I am the only estrogen in my house. I have two sons, a husband, and two male rescue dogs. I’ve always prided myself that I am a good “boy mom.” This, in the stereotypical sense, means I can handle video games, sports, and dirt. This illusion came crashing down last summer when I showed my nine-year-old a picture of a professional football player and he asked if he played on a tennis team. He wasn’t joking. And I could no longer kid myself that I was doing a good job being a “boy mom.” I called my husband in a panic and said we needed to get the football package. He told me we had had it for three years. Could this possibly get any worse?
Let me just say that I’m the type of mom who would be thrilled if my boys hated football and loved designing clothes or studying ballet. I really couldn’t care less what floats their boat as long as they don’t do drugs, they stay out of jail, and they are happy. But I felt like maybe I had kept our home too gender neutral. I began to questions that maybe when I thought I was being a good “boy mom” I was really just insulating them from boy things that I found to be boring. What I really needed to do was to bend a little and fully embrace the testosterone coursing through my home.

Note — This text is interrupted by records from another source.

lemma plaq_walk_no_return_to_shared_corner:
  assumes walk: "plaq_walk fs cs Js" and inj: "inj_on fs {a..<j}" and a: "Suc a < j"
    and return: "fs j \<in> {fs a, fs (Suc a)}"
  shows "cs j \<noteq> cs (Suc a)"
proof
  assume same: "cs j = cs (Suc a)"
  obtain e where e: "e \<in> plaq_sides (fs a)" "e \<in> plaq_sides (fs (Suc a))" "cs (Suc a) \<in> e"
    using plaq_walkD(4)[OF walk, of a] by blast
  have "e \<in> Js j"
    using plaq_walk_side_mem[OF walk, of e j] return e same by auto
  moreover have "e \<notin> Js a"
    using plaq_walk_side_mem[OF walk e(1)] e(3) plaq_walkD(2)[OF walk, of a]
      side_mem_iff_opp_corner[OF plaq_walkD(1)[OF walk] e(1)] by simp
  moreover have "card {t \<in> {a..<j}. e \<in> plaq_sides (fs t)} = 2"
    using toggles_of_shared_side[OF inj a plaq_walkD(3)[OF walk] e(1,2)] by simp
  ultimately show False
    using plaq_walk_mem_iff_toggles[OF walk, of a j e] a by simp
qed

lemma plaq_walk_first_repeat:
  assumes walk: "plaq_walk fs cs Js" and inj: "inj_on fs {k..<j}" and repeat: "fs j \<in> fs ` {k..<j}"
  shows "fs j = fs k" "cs j = cs k"
proof -
  obtain i where i: "k \<le> i" "i < j" "fs j = fs i"
    using repeat by auto
  have inj_from: "inj_on fs {a..<j}" if "k \<le> a" for a
    using inj_on_subset[OF inj] that by auto
  have "Suc i < j"
    using i plaq_walkD(3)[OF walk, of i] by (metis Suc_lessI)
  have "cs j = cs i \<or> cs j = opp_corner (fs i) (cs i)"
    using corners_same_parity[OF plaq_walkD(1)[OF walk, of i]] plaq_walkD(1)[OF walk, of j] i(3)
      plaq_walk_corner_parity[OF walk, of i] plaq_walk_corner_parity[OF walk, of j] by simp
  then have cs_j: "cs j = cs i"
    using plaq_walk_no_return_to_shared_corner[OF walk inj_from[OF i(1)] \<open>Suc i < j\<close>] i(3)
      plaq_walkD(2)[OF walk] by auto
  have "i = k"
  proof (rule ccontr)
    assume "i \<noteq> k"
    then obtain a where a: "i = Suc a" "k \<le> a"
      using i(1) by (metis le_eq_less_or_eq lessE)
    show False
      using plaq_walk_no_return_to_shared_corner[OF walk inj_from[OF a(2)]] a i cs_j by simp
  qed
  then show "fs j = fs k" "cs j = cs k"
    using i(3) cs_j by simp_all
qed

lemma plaq_walk_infinite:
  assumes walk: "plaq_walk fs cs Js"
  shows "infinite (range fs)"
proof
  assume fin: "finite (range fs)"
  obtain k where top: "\<And>t. snd (fs t) \<le> snd (fs k)"
    using Max_in[of "snd ` range fs"] Max_ge[of "snd ` range fs"] fin by fastforce
  obtain j where j: "k < j" "inj_on fs {k..<j}" "fs j \<in> fs ` {k..<j}"
    using ex_first_repeat[OF fin] by blast
  note return = plaq_walk_first_repeat[OF walk j(2,3)]
  let ?top = "hedge (fst (fs k), snd (fs k) + 1)"
  have top_in: "?top \<in> plaq_sides (fs k)"
    using top_side_in_plaq_sides[of "fs k" "fs k"] by simp
  have "{t \<in> {k..<j}. ?top \<in> plaq_sides (fs t)} = {k}"
  proof -
    have "fs t = fs k" if "?top \<in> plaq_sides (fs t)" for t
      using that top[of t] top_side_in_plaq_sides[of "fs k" "fs t"] by auto
    then show ?thesis
      using inj_onD[OF j(2)] j(1) top_in by auto
  qed
  then have "?top \<in> Js j \<longleftrightarrow> ?top \<notin> Js k"
    using plaq_walk_mem_iff_toggles[OF walk, of k j ?top] j(1) by simp
  then show False
    using plaq_walk_side_mem[OF walk, of ?top j] plaq_walk_side_mem[OF walk top_in] top_in return
    by simp
qed
lemma dyadic_squares_tile_square:
  fixes e :: "nat \<Rightarrow> nat"
  assumes "finite A" "\<forall>i\<in>A. e i \<le> t" "\<forall>i\<in>A. d i = c * 2 ^ e i"
    and "(\<Sum>i\<in>A. 4 ^ e i) = (4::nat) ^ t"
  shows "\<exists>a b. tiling a b d A (osq x y (c * 2 ^ t)) (csq x y (c * 2 ^ t))"
  using assms
proof (induction t arbitrary: A x y)
  case 0
  then obtain i where i: "i \<in> A"
    by fastforce
  then have "A = {i}"
    using 0 by (intro sum_nat_eq_member_imp_singleton[where f = "\<lambda>j. 4 ^ e j"]) auto
  then show ?case
    using tiling_singleton[of x y d i] 0(2,3) i by auto
next
  case (Suc t)
  show ?case
  proof (cases "\<exists>i\<in>A. e i = Suc t")
    case True
    then obtain i where i: "i \<in> A" "e i = Suc t"
      by blast
    then have "A = {i}"
      using Suc.prems by (intro sum_nat_eq_member_imp_singleton[where f = "\<lambda>j. 4 ^ e j"]) auto
    then show ?thesis
      using tiling_singleton[of x y d i] Suc.prems(3) i(2) by auto
  next
    case False
    then have small: "\<forall>i\<in>A. e i \<le> t"
      using Suc.prems(2) le_Suc_eq by blast
    have "(\<Sum>i\<in>A. 4 ^ e i) = 4 * (4::nat) ^ t"
      using Suc.prems(4) by simp
    then obtain A1 A2 A3 A4 where A: "A = A1 \<union> A2 \<union> (A3 \<union> A4)"
      "A1 \<inter> A2 = {}" "A3 \<inter> A4 = {}" "(A1 \<union> A2) \<inter> (A3 \<union> A4) = {}"
      "(\<Sum>i\<in>A1. 4 ^ e i) = (4::nat) ^ t" "(\<Sum>i\<in>A2. 4 ^ e i) = (4::nat) ^ t"
      "(\<Sum>i\<in>A3. 4 ^ e i) = (4::nat) ^ t" "(\<Sum>i\<in>A4. 4 ^ e i) = (4::nat) ^ t"
      by (rule dyadic_sum_split_four[OF Suc.prems(1) small])
    let ?h = "c * 2 ^ t"
    have quadrant: "\<exists>a b. tiling a b d A' (osq x' y' ?h) (csq x' y' ?h)"
      if "A' \<subseteq> A" "(\<Sum>i\<in>A'. 4 ^ e i) = (4::nat) ^ t" for A' x' y'
    proof (rule Suc.IH)
      show "finite A'"
        using Suc.prems(1) that(1) by (rule rev_finite_subset)
    qed (use Suc.prems(3) small that in auto)
    have sub: "A1 \<subseteq> A" "A2 \<subseteq> A" "A3 \<subseteq> A" "A4 \<subseteq> A"
      using A(1) by auto
    obtain a1 b1 where "tiling a1 b1 d A1 (osq x y ?h) (csq x y ?h)"
      using quadrant[OF sub(1) A(5)] by blast
    moreover obtain a2 b2 where "tiling a2 b2 d A2 (osq (x + ?h) y ?h) (csq (x + ?h) y ?h)"
      using quadrant[OF sub(2) A(6)] by blast
    moreover obtain a3 b3 where "tiling a3 b3 d A3 (osq x (y + ?h) ?h) (csq x (y + ?h) ?h)"
      using quadrant[OF sub(3) A(7)] by blast
    moreover obtain a4 b4 where
      "tiling a4 b4 d A4 (osq (x + ?h) (y + ?h) ?h) (csq (x + ?h) (y + ?h) ?h)"
      using quadrant[OF sub(4) A(8)] by blast
    ultimately have "\<exists>a b. tiling a b d A (osq x y (2 * ?h)) (csq x y (2 * ?h))"
      unfolding A(1) using A(2-4) by (rule tiling_quadrants)
    then show ?thesis
      by (simp add: mult.commute mult.left_commute)
  qed
qed

lemma osq_disjoint_if_left: "a + d \<le> a' \<Longrightarrow> osq a b d \<inter> osq a' b' d' = {}"
  by (auto simp: osq_def)

lemma tiling_row:
  assumes "0 \<le> M" "\<forall>i\<in>A. d i \<le> M"
  shows "tiling (\<lambda>i. x + real i * M) (\<lambda>_. y) d A {p. x < fst p} {}"
proof -
  let ?sq = "\<lambda>i. osq (x + real i * M) y (d i)"
  have apart: "?sq i \<inter> ?sq j = {}" if "i \<in> A" "i < j" for i j
  proof (rule osq_disjoint_if_left)
    have "(real i + 1) * M \<le> real j * M"
      using that(2) assms(1) by (intro mult_right_mono) auto
    then show "x + real i * M + d i \<le> x + real j * M"
      using that(1) assms(2) by (auto simp: algebra_simps)
  qed
  have "disjoint_family_on ?sq A"
    unfolding disjoint_family_on_def
  proof (intro ballI impI)
    fix i j
    assume "i \<in> A" "j \<in> A" "i \<noteq> j"
    then consider "i \<in> A" "i < j" | "j \<in> A" "j < i"
      by linarith
    then show "?sq i \<inter> ?sq j = {}"
      by cases (use apart in \<open>auto simp: Int_commute\<close>)
  qed
  moreover have "?sq i \<subseteq> {p. x < fst p}" for i
  proof -
    have "0 \<le> real i * M"
      using assms(1) by simp
    then show ?thesis
      by (auto simp: osq_def)
  qed
  ultimately show ?thesis
    unfolding tiling_def by blast
qed

lemma tiling_extend_by_row:
  assumes "tiling a b d A R C" "R \<subseteq> {p. fst p < x}" "finite I" "A \<subseteq> I"
  shows "\<exists>a' b'. tiling a' b' d I UNIV C"
proof -
  define M where "M = (\<Sum>i\<in>I. \<bar>d i\<bar>)"
  have "d i \<le> M" if "i \<in> I" for i
  proof -
    have "\<bar>d i\<bar> \<le> M"
      unfolding M_def using assms(3) that by (intro member_le_sum) auto
    then show ?thesis
      by linarith
  qed
  moreover have "0 \<le> M"
    unfolding M_def by (simp add: sum_nonneg)
  ultimately have "tiling (\<lambda>i. x + real i * M) (\<lambda>_. 0) d (I - A) {p. x < fst p} {}"
    by (intro tiling_row) auto
  moreover have "R \<inter> {p. x < fst p} = {}"
    using assms(2) by auto
  moreover have "A \<inter> (I - A) = {}"
    by blast
  ultimately obtain a' b' where "tiling a' b' d (A \<union> (I - A)) (R \<union> {p. x < fst p}) (C \<union> {})"
    using tiling_Un[OF assms(1)] by blast
  moreover have "A \<union> (I - A) = I"
    using assms(4) by blast
  ultimately have "tiling a' b' d I (R \<union> {p. x < fst p}) C"
    by simp
  then show ?thesis
    by (blast intro: tiling_mono)
qed

theorem lemma5:
  fixes k :: "nat \<Rightarrow> int" and n :: nat
  assumes "n \<ge> 1"
  defines "d \<equiv> (\<lambda>i. (2::real) powr (real_of_int (k i)))"
  shows "\<exists>a b :: nat \<Rightarrow> real.
           (\<forall>i<n. \<forall>j<n. i \<noteq> j \<longrightarrow> osq (a i) (b i) (d i) \<inter> osq (a j) (b j) (d j) = {}) \<and>
           (\<exists>x0 y0 s. s \<ge> sqrt (\<Sum>i<n. (d i)^2) / 2 \<and>
              csq x0 y0 s \<subseteq> (\<Union>i<n. csq (a i) (b i) (d i)))"
proof -
  obtain c e where "c > 0" and de: "\<forall>i\<in>{..<n}. d i = c * 2 ^ e i"
    using two_powr_int_common_factor[of "{..<n}" k] unfolding d_def by blast
  define N where "N = (\<Sum>i<n. (4::nat) ^ e i)"
  have "0 < N"
    unfolding N_def using assms(1) by (intro sum_pos) (auto simp: lessThan_empty_iff)
  then obtain T where T: "4 ^ T \<le> N" "N < 4 ^ Suc T"
    using ex_power_ivl1[of 4 N] by auto
  have e_le: "\<forall>i\<in>{..<n}. e i \<le> T"
  proof
    fix i assume "i \<in> {..<n}"
    then have "(4::nat) ^ e i \<le> N"
      unfolding N_def by (intro member_le_sum) auto
    then have "(4::nat) ^ e i < 4 ^ Suc T"
      using T(2) by linarith
    then have "e i < Suc T"
      by (rule power_less_imp_less_exp[rotated]) simp
    then show "e i \<le> T"
      by simp
  qed
  then obtain B where B: "B \<subseteq> {..<n}" "(\<Sum>i\<in>B. 4 ^ e i) = (4::nat) ^ T"
    using exists_subset_sum_eq_power[of "{..<n}" 4 e T] T(1) unfolding N_def by auto
  define s where "s = c * 2 ^ T"
  have "\<exists>a b. tiling a b d B (osq 0 0 s) (csq 0 0 s)"
    unfolding s_def using B e_le de
    by (intro dyadic_squares_tile_square) (auto intro: rev_finite_subset)
  moreover have "osq 0 0 s \<subseteq> {p. fst p < s}"
    by (auto simp: osq_def)
  ultimately obtain a b where "tiling a b d {..<n} UNIV (csq 0 0 s)"
    using tiling_extend_by_row[OF _ _ finite_lessThan B(1)] by blast
  then have "\<forall>i<n. \<forall>j<n. i \<noteq> j \<longrightarrow> osq (a i) (b i) (d i) \<inter> osq (a j) (b j) (d j) = {}"
    and "csq 0 0 s \<subseteq> (\<Union>i<n. csq (a i) (b i) (d i))"
    unfolding tiling_def disjoint_family_on_def by auto
  moreover have "sqrt (\<Sum>i<n. (d i)\<^sup>2) / 2 \<le> s"
    unfolding s_def using \<open>c > 0\<close> de T(2)
    by (intro sqrt_sum_squares_le_if_dyadic) (auto simp: N_def)
  ultimately show ?thesis
    by blast
qed

end
(* In the truncated sparse linear regression model of the context, assume (A1) survival probability, (A2) minimum eigenvalue and (A4) normalization. Then there exists $\kappa\ge\Omega(\alpha^4\sigma_{\min})>0$ (with an absolute implied constant) such that $\nabla^2 l_n^K(\vec{\omega})\succeq\kappa I$ for all $\vec{\omega}\in\mathbb{R}^k$ with $\|\vec{\omega}-\vec{\Omega}^*_K\|_2\le\frac{1}{C\sqrt k}$.
   Context: $S\subseteq\mathbb{R}$ measurable with indicator $S(\cdot)$. Fixed row vectors $\vec{x}^{(1)},\dots,\vec{x}^{(n)}\in\mathbb{R}^d$ form the rows of $\vec{X}\in\mathbb{R}^{n\times d}$. $\vec{\Omega}^*\in\mathbb{R}^d$ has support $K$, $|K|=k$; $\vec{\Omega}^*_K\in\mathbb{R}^k$ is its restriction to $K$, $\vec{x}^{(i)}_K$ the restriction of $\vec{x}^{(i)}$, and $\vec{X}_K$ the columns of $\vec{X}$ indexed by $K$. Responses $y^{(i)}$ are independent, $y^{(i)}\sim\mathcal{N}(\vec{x}^{(i)}\vec{\Omega}^*,1)$ conditioned on $S$. $l_n(\vec{\Omega})=\frac1n\sum_{i=1}^n\left(\frac12{y^{(i)}}^2-y^{(i)}\vec{x}^{(i)}\vec{\Omega}+\log\int\exp\left(-\frac12z^2+z\,\vec{x}^{(i)}\vec{\Omega}\right)S(z)dz\right)$, and $l_n^K(\vec{\omega})=l_n(\vec{\Omega})$ where $\vec{\Omega}\in\mathbb{R}^d$ equals $\vec{\omega}$ on $K$ and $0$ off $K$. $\alpha(\vec{\Omega},\vec{x})=\Pr_{y\sim\mathcal{N}(\vec{x}\vec{\Omega},1)}[y\in S]$. (A1): $\alpha(\vec{\Omega}^*,\vec{x}^{(i)})\ge\alpha>0$ for all $i$; (A2): $\frac1n\vec{X}_K^\top\vec{X}_K\succeq\sigma_{\min}I$, $\sigma_{\min}>0$; (A4): $\max_{i,j}|X_{ij}|\le C$. *)

theory Defs
  imports "HOL-Probability.Probability"
begin

text \<open>Explicit-carrier encoding: samples are indexed by i < n, features by j < d,
  and vectors of R^k by i < k (as functions nat => real; coordinates >= k are ignored).
  This allows the constant to be absolute, i.e. quantified outside of n, d, k.\<close>

definition Kidx :: "nat set \<Rightarrow> nat \<Rightarrow> nat" where
  "Kidx K i = sorted_list_of_set K ! i"

definition row_ip :: "(nat \<Rightarrow> nat \<Rightarrow> real) \<Rightarrow> nat \<Rightarrow> nat \<Rightarrow> (nat \<Rightarrow> real) \<Rightarrow> real" where
  "row_ip X d i \<Omega> = (\<Sum>j<d. X i j * \<Omega> j)"

definition surv_prob :: "real set \<Rightarrow> real \<Rightarrow> real" where
  "surv_prob S \<mu> = measure (density lborel (normal_density \<mu> 1)) S"

definition trunc_nll :: "real set \<Rightarrow> nat \<Rightarrow> nat \<Rightarrow> (nat \<Rightarrow> nat \<Rightarrow> real) \<Rightarrow> (nat \<Rightarrow> real)
     \<Rightarrow> (nat \<Rightarrow> real) \<Rightarrow> real" where
  "trunc_nll S n d X y \<Omega> = (1 / real n) * (\<Sum>i<n.
      (1/2) * (y i)\<^sup>2 - y i * row_ip X d i \<Omega>
      + ln (LINT z|lborel. indicator S z * exp (- (1/2) * z\<^sup>2 + z * row_ip X d i \<Omega>)))"

definition extK :: "nat set \<Rightarrow> (nat \<Rightarrow> real) \<Rightarrow> nat \<Rightarrow> real" where
  "extK K \<omega> = (\<lambda>j. \<Sum>i<card K. if Kidx K i = j then \<omega> i else 0)"

definition trunc_nll_K :: "real set \<Rightarrow> nat \<Rightarrow> nat \<Rightarrow> nat set \<Rightarrow> (nat \<Rightarrow> nat \<Rightarrow> real)
     \<Rightarrow> (nat \<Rightarrow> real) \<Rightarrow> (nat \<Rightarrow> real) \<Rightarrow> real" where
  "trunc_nll_K S n d K X y \<omega> = trunc_nll S n d X y (extK K \<omega>)"

definition has_partial :: "((nat \<Rightarrow> real) \<Rightarrow> real) \<Rightarrow> nat \<Rightarrow> (nat \<Rightarrow> real) \<Rightarrow> real \<Rightarrow> bool" where
  "has_partial f i w D \<longleftrightarrow> ((\<lambda>t. f (w(i := t))) has_real_derivative D) (at (w i))"

definition is_hessian :: "((nat \<Rightarrow> real) \<Rightarrow> real) \<Rightarrow> nat \<Rightarrow> (nat \<Rightarrow> real) \<Rightarrow> (nat \<Rightarrow> nat \<Rightarrow> real) \<Rightarrow> bool" where
  "is_hessian f k w H \<longleftrightarrow> (\<exists>g. (\<forall>u i. i < k \<longrightarrow> has_partial f i u (g i u)) \<and>
       (\<forall>i j. i < k \<longrightarrow> j < k \<longrightarrow> has_partial (g i) j w (H i j)))"

end

theory Submission
  imports Defs
begin

text \<open>Up to terms linear in \<omega>, the restricted loss is (1/n) \<Sum>_i ln Z(<x_i, \<omega>>) with
  Z(m) = \<integral>_S exp(-z^2/2 + m z) dz, and (ln Z)''(m) is the variance of N(m,1) conditioned on S.
  So the Hessian is (1/n) \<Sum>_i Var_i x_i x_i^T, and by (A2) it suffices to bound every variance
  from below by a multiple of \<alpha>^4.

  Since the Gaussian density is bounded, an interval of length 2r around the conditional mean
  carries mass at most of order r; this gives Var \<ge> (\<pi>/16) P(m)^2, where P(m) is the survival
  probability. Next, the density of N(\<mu>,1) is exp((m-\<mu>)^2/2) times the geometric mean of those of
  N(m,1) and N(2\<mu>-m,1), and AM-GM yields P(\<mu>)^2 \<le> exp((m-\<mu>)^2) P(m). On the ball of the
  statement, (A4) and Cauchy-Schwarz give |<x_i, \<omega> - \<Omega>*>| \<le> 1, hence P \<ge> \<alpha>^2/e by (A1) and
  Var \<ge> \<pi> exp(-2) \<alpha>^4 / 16.\<close>

lemma has_real_derivative_lborel_integral:
  fixes f f' :: "real \<Rightarrow> real \<Rightarrow> real" and G :: "real \<Rightarrow> real"
  assumes int: "\<And>t. integrable lborel (f t)"
    and deriv: "\<And>t z. ((\<lambda>t. f t z) has_real_derivative f' t z) (at t)"
    and meas: "f' m \<in> borel_measurable lborel"
    and G: "integrable lborel G"
    and bound: "\<And>t z. \<bar>t - m\<bar> \<le> 1 \<Longrightarrow> \<bar>f' t z\<bar> \<le> G z"
  shows "((\<lambda>t. LINT z|lborel. f t z) has_real_derivative (LINT z|lborel. f' m z)) (at m)"
  unfolding has_field_derivative_iff tendsto_at_iff_sequentially
proof (intro allI impI)
  fix X :: "nat \<Rightarrow> real"
  assume X: "\<forall>i. X i \<in> UNIV - {m}" and lim: "X \<longlonglongrightarrow> m"
  from lim have "\<forall>\<^sub>F i in sequentially. dist (X i) m < 1"
    by (simp add: tendsto_iff)
  then obtain N where N: "\<And>i. i \<ge> N \<Longrightarrow> \<bar>X i - m\<bar> < 1"
    by (auto simp: eventually_sequentially dist_real_def)
  define q where "q i z = (f (X (i + N)) z - f m z) / (X (i + N) - m)" for i z
  have q_bound: "\<bar>q i z\<bar> \<le> G z" for i z
  proof -
    have "norm (f (X (i + N)) z - f m z) \<le> G z * norm (X (i + N) - m)"
    proof (rule field_differentiable_bound[where S = "{m - 1..m + 1}" and f' = "\<lambda>t. f' t z"])
      show "((\<lambda>t. f t z) has_field_derivative f' t z) (at t within {m - 1..m + 1})" for t
        using deriv by (rule has_field_derivative_at_within)
      show "X (i + N) \<in> {m - 1..m + 1}" using N[of "i + N"] by auto
    qed (use bound in auto)
    then show ?thesis using X by (auto simp: q_def abs_divide pos_divide_le_eq)
  qed
  have "(\<lambda>i. LINT z|lborel. q i z) \<longlonglongrightarrow> (LINT z|lborel. f' m z)"
  proof (rule integral_dominated_convergence[where w = G])
    show "(\<lambda>z. q i z) \<in> borel_measurable lborel" for i
      unfolding q_def using int by (intro borel_measurable_divide borel_measurable_diff) auto
    show "AE z in lborel. (\<lambda>i. q i z) \<longlonglongrightarrow> f' m z"
    proof (intro AE_I2)
      fix z
      have "((\<lambda>t. (f t z - f m z) / (t - m)) \<longlongrightarrow> f' m z) (at m)"
        using deriv[of z m] unfolding has_field_derivative_iff .
      then show "(\<lambda>i. q i z) \<longlonglongrightarrow> f' m z"
        using X LIMSEQ_ignore_initial_segment[OF lim, of N]
        unfolding q_def tendsto_at_iff_sequentially by (auto simp: o_def)
    qed
  qed (use meas G q_bound in auto)
  moreover have "(LINT z|lborel. q i z)
      = ((LINT z|lborel. f (X (i + N)) z) - (LINT z|lborel. f m z)) / (X (i + N) - m)" for i
    unfolding q_def using int by simp
  ultimately have "(\<lambda>i. ((LINT z|lborel. f (X (i + N)) z) - (LINT z|lborel. f m z)) / (X (i + N) - m))
      \<longlonglongrightarrow> (LINT z|lborel. f' m z)"
    by simp
  then show "((\<lambda>t. ((LINT z|lborel. f t z) - (LINT z|lborel. f m z)) / (t - m)) \<circ> X)
      \<longlonglongrightarrow> (LINT z|lborel. f' m z)"
    unfolding o_def by (rule LIMSEQ_offset)
qed
(* Two tuples $(f_1,\dots,f_n),(g_1,\dots,g_n)\in M_{[0,1]}^n$ have the same type (over $\emptyset$) if and only if $\mathrm{im}(f_1,\dots,f_n)=\mathrm{im}(g_1,\dots,g_n)$.
   Context: $M_{[0,1]}$ is the set of continuous nondecreasing functions $f:[0,1]\to[0,1]$ with $f(0)=0$, $f(1)=1$, with the sup metric, regarded as a metric structure in the language of binary predicates $\varphi_\alpha$ ($\alpha\in\mathbb{Q}\cap[0,1]$), where $\varphi_\alpha(f,g)=f(t)$ for any $t$ with $f(t)+g(t)=\alpha$ (independent of the choice of $t$); this structure is interdefinable with Ben Yaacov's structure whose automorphism group is $\mathrm{Hom}^+([0,1])$, acting by $g\mapsto g\circ h^{-1}$. $\mathrm{im}(f_1,\dots,f_n)=\{(f_1(t),\dots,f_n(t)):t\in[0,1]\}\subseteq[0,1]^n$. *)

theory Defs
  imports "HOL-Analysis.Analysis"
begin

text \<open>The underlying set of M_[0,1]: continuous nondecreasing self-maps of [0,1]
  fixing 0 and 1 (represented as real functions; only values on [0,1] matter).\<close>
definition Mset :: "(real \<Rightarrow> real) set" where
  "Mset = {f. continuous_on {0..1} f \<and> mono_on {0..1} f \<and> f 0 = 0 \<and> f 1 = 1
              \<and> f ` {0..1} \<subseteq> {0..1}}"

definition supdist :: "(real \<Rightarrow> real) \<Rightarrow> (real \<Rightarrow> real) \<Rightarrow> real" where
  "supdist f g = Sup ((\<lambda>t. \<bar>f t - g t\<bar>) ` {0..1})"

definition phi :: "real \<Rightarrow> (real \<Rightarrow> real) \<Rightarrow> (real \<Rightarrow> real) \<Rightarrow> real" where
  "phi \<alpha> f g = f (SOME t. t \<in> {0..1} \<and> f t + g t = \<alpha>)"

text \<open>Continuous-logic formulas in the language {d} \<union> {phi_alpha : alpha \<in> Q \<inter> [0,1]},
  built with the (uniformly dense) system of connectives 1, 1-x, x/2, truncated subtraction,
  and the quantifiers sup and inf.\<close>
datatype form =
    Dist nat nat
  | Phi rat nat nat
  | One
  | Neg form
  | Half form
  | Minus form form
  | SupQ nat form
  | InfQ nat form
(* Let $\mathbb F$ be an algebraically closed field and $\lambda\in\overline{\mathbb F}$. (1) If $C(s)\in\mathbb F[s]^{p_1\times q_1}$, $D(s)\in\mathbb F[s]^{p_2\times q_2}$ are pencils and $A(s)=\begin{bmatrix}C(s)&0\\0&D(s)\end{bmatrix}$, then $\dim\mathcal L^i_\lambda(A(s))=\dim\mathcal L^i_\lambda(C(s))+\dim\mathcal L^i_\lambda(D(s))$ for all $i\ge0$. (2) If $C(s)\in\mathbb F[s]^{p\times q_1}$ and $A(s)=\begin{bmatrix}C(s)&0\end{bmatrix}\in\mathbb F[s]^{p\times(q_1+q_2)}$, then $\dim\mathcal L^i_\lambda(A(s))=\dim\mathcal L^i_\lambda(C(s))+q_2$ for all $i\ge1$. (3) If $C(s)\in\mathbb F[s]^{p_1\times q}$ and $A(s)=\begin{bmatrix}C(s)\\0\end{bmatrix}\in\mathbb F[s]^{(p_1+p_2)\times q}$, then $\dim\mathcal L^i_\lambda(A(s))=\dim\mathcal L^i_\lambda(C(s))$ for all $i\ge0$.
   Context: A pencil is $A(s)=A_0+sA_1$ with constant matrices $A_0,A_1$; $A(\infty):=A_1$, $\overline{\mathbb F}=\mathbb F\cup\{\infty\}$. A Jordan chain at $\lambda$ of length $k+1$ is $(x_k,\dots,x_0)$ of column vectors (of size the number of columns), $x_0\ne0$, with $A(\lambda)x_0=0$, $A(\lambda)x_i=-A_1x_{i-1}$ ($1\le i\le k$) if $\lambda\in\mathbb F$, and $A_1x_0=0$, $A_1x_i=-A_0x_{i-1}$ if $\lambda=\infty$. $\mathcal L^\ell_\lambda(A(s))$ ($\ell\ge1$) is the span of the vectors of all Jordan chains at $\lambda$ of length $\le\ell$ (and $\{0\}$ if there are none), $\mathcal L^0_\lambda(A(s))=\{0\}$. *)

theory Defs
  imports "Jordan_Normal_Form.VS_Connect" "HOL-Computational_Algebra.Polynomial"
begin

datatype 'a ext_pt = Fin 'a | Infty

And when I did something magical happened. My husband and my sons began to communicate in a language I could barely comprehend. For the first time in their lives they had endless topics to discuss that interested them deeply. My sons couldn’t wait to tell my husband when they got a top rated player on their IPad football game (I don’t even know what the heck the game is called). They played Madden on the Xbox together. They watched ESPN like the three amigos while my youngest son searched for weekly highlights online to show to his dad and brother. They talked about Aaron Rodgers, Jordy Nelson, and Tom Brady (for those like me who are sports ignorant they are all football players) as if they were our neighbors not just guys they watched play professional football every Sunday.
So now not only can my children differentiate between Roger Federer and Peyton Manning (tennis player and football player) but they now have this platform with which to engage with their father. And I didn’t have to force or nag them to do it. That alone is worth the price of the cable football package or an annual subscription to Sports Illustrated.